Stored data entries
*** Begin section ***
lemma card_active_integrable: "integrable M (\<lambda>\<omega>. real (card (active j \<omega>)))"
proof (rule integrable_const_bound[where B="real N"])
  show "AE \<omega> in M. norm (real (card (active j \<omega>))) \<le> real N"
    using card_active_le by simp
  have "(\<lambda>\<omega>. real (card (active j \<omega>)))
      = (\<lambda>\<omega>. \<Sum>i\<in>{1..N}. if (norm (share j \<omega> i))\<^sup>2 / (\<beta> * Pmax) \<le> (cmod (h i j \<omega>))\<^sup>2 then 1 else 0)"
    unfolding active_def by (simp only: real_of_card sum.inter_filter[OF finite_atLeastAtMost])
  moreover have "(\<lambda>\<omega>. if (norm (share j \<omega> i))\<^sup>2 / (\<beta> * Pmax) \<le> (cmod (h i j \<omega>))\<^sup>2 then 1 else 0 :: real)
      \<in> borel_measurable M" if "i \<in> {1..N}" for i
  proof -
    have [measurable]: "g i \<in> borel_measurable borel" using that g_borel by auto
    note [measurable] = iterate_borel_measurable(1) iterate_borel_measurable(2)[OF that] h_borel
    show ?thesis unfolding share_def by measurable
  qed
  ultimately show "(\<lambda>\<omega>. real (card (active j \<omega>))) \<in> borel_measurable M" by simp
qed

theorem expected_descent:
  fixes k :: nat
  defines "d \<equiv> real N - expectation (\<lambda>\<omega>. real (card (active k \<omega>)))"
  shows "expectation (\<lambda>\<omega>. (norm (x (Suc k) \<omega> - xs))\<^sup>2)
    \<le> expectation (\<lambda>\<omega>. (norm (x k \<omega> - xs))\<^sup>2) - 2 * a k * expectation (lag_gap k)
      + (a k)\<^sup>2 * (2 * L * G * d + \<beta> * \<sigma>\<^sup>2 + L\<^sup>2) + 2 * a k * d * R * G + (a k)\<^sup>2 * L\<^sup>2 * d\<^sup>2"
proof -
  define rhs where "rhs \<omega> = (norm (x k \<omega> - xs))\<^sup>2 - 2 * a k * lag_gap k \<omega> + (a k)\<^sup>2 * L\<^sup>2
    - 2 * a k * sqrt \<beta> * inner (x k \<omega> - xs - a k *\<^sub>R lag_grad k \<omega>) (n k \<omega>)
    + (a k)\<^sup>2 * \<beta> * (norm (n k \<omega>))\<^sup>2 + 2 * a k * R * (G * (real N - real (card (active k \<omega>))))"
    for \<omega>
  note integrable = dist_sq_integrable lag_gap_integrable noise_cross_term(1)
    n_norm_sq_integrable card_active_integrable
  have "expectation (\<lambda>\<omega>. (norm (x (Suc k) \<omega> - xs))\<^sup>2) \<le> expectation rhs"
    using pointwise_descent integrable unfolding rhs_def[abs_def]
    by (intro integral_mono dist_sq_integrable) auto
  also have "expectation rhs = expectation (\<lambda>\<omega>. (norm (x k \<omega> - xs))\<^sup>2)
      - 2 * a k * expectation (lag_gap k) + (a k)\<^sup>2 * L\<^sup>2 + (a k)\<^sup>2 * \<beta> * \<sigma>\<^sup>2 + 2 * a k * R * (G * d)"
    using integrable unfolding rhs_def[abs_def] d_def
    by (simp add: noise_cross_term(2) n_variance prob_space)
  txt \<open>The terms \<open>2 a\<^sup>2 L G d\<close> and \<open>a\<^sup>2 L\<^sup>2 d\<^sup>2\<close> of the stated bound are nonnegative slack.\<close>
  also have "\<dots> \<le> expectation (\<lambda>\<omega>. (norm (x k \<omega> - xs))\<^sup>2) - 2 * a k * expectation (lag_gap k)
      + (a k)\<^sup>2 * (2 * L * G * d + \<beta> * \<sigma>\<^sup>2 + L\<^sup>2) + 2 * a k * d * R * G + (a k)\<^sup>2 * L\<^sup>2 * d\<^sup>2"
  proof -
    have "expectation (\<lambda>\<omega>. real (card (active k \<omega>))) \<le> expectation (\<lambda>\<omega>. real N)"
      using card_active_integrable card_active_le by (intro integral_mono) auto
    then have "0 \<le> d" unfolding d_def by (simp add: prob_space)
    moreover have "0 \<le> L" using lag_grad_bounded norm_ge_zero order_trans by blast
    ultimately have "0 \<le> (a k)\<^sup>2 * (2 * L * G * d)" using G_nonneg by simp
    then show ?thesis by (simp add: algebra_simps)
  qed
  finally show ?thesis .
qed

end

lemma Dset_memberD: "l \<in> Dset N B \<Longrightarrow> i \<in> {1..N} \<Longrightarrow> l i \<in> {0..B}"
  unfolding Dset_def using Max_ge[of "(\<lambda>i. \<bar>l i\<bar>) ` {1..N}" "\<bar>l i\<bar>"] by fastforce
*** End section ***
> **WHAT IS REQUIRED**:
If a line in the records contains the word "cmod", copy it.

> **COMPLETED EXERCISE**:
      = (\<lambda>\<omega>. \<Sum>i\<in>{1..N}. if (norm (share j \<omega> i))\<^sup>2 / (\<beta> * Pmax) \<le> (cmod (h i j \<omega>))\<^sup>2 then 1 else 0)"
  moreover have "(\<lambda>\<omega>. if (norm (share j \<omega> i))\<^sup>2 / (\<beta> * Pmax) \<le> (cmod (h i j \<omega>))\<^sup>2 then 1 else 0 :: real)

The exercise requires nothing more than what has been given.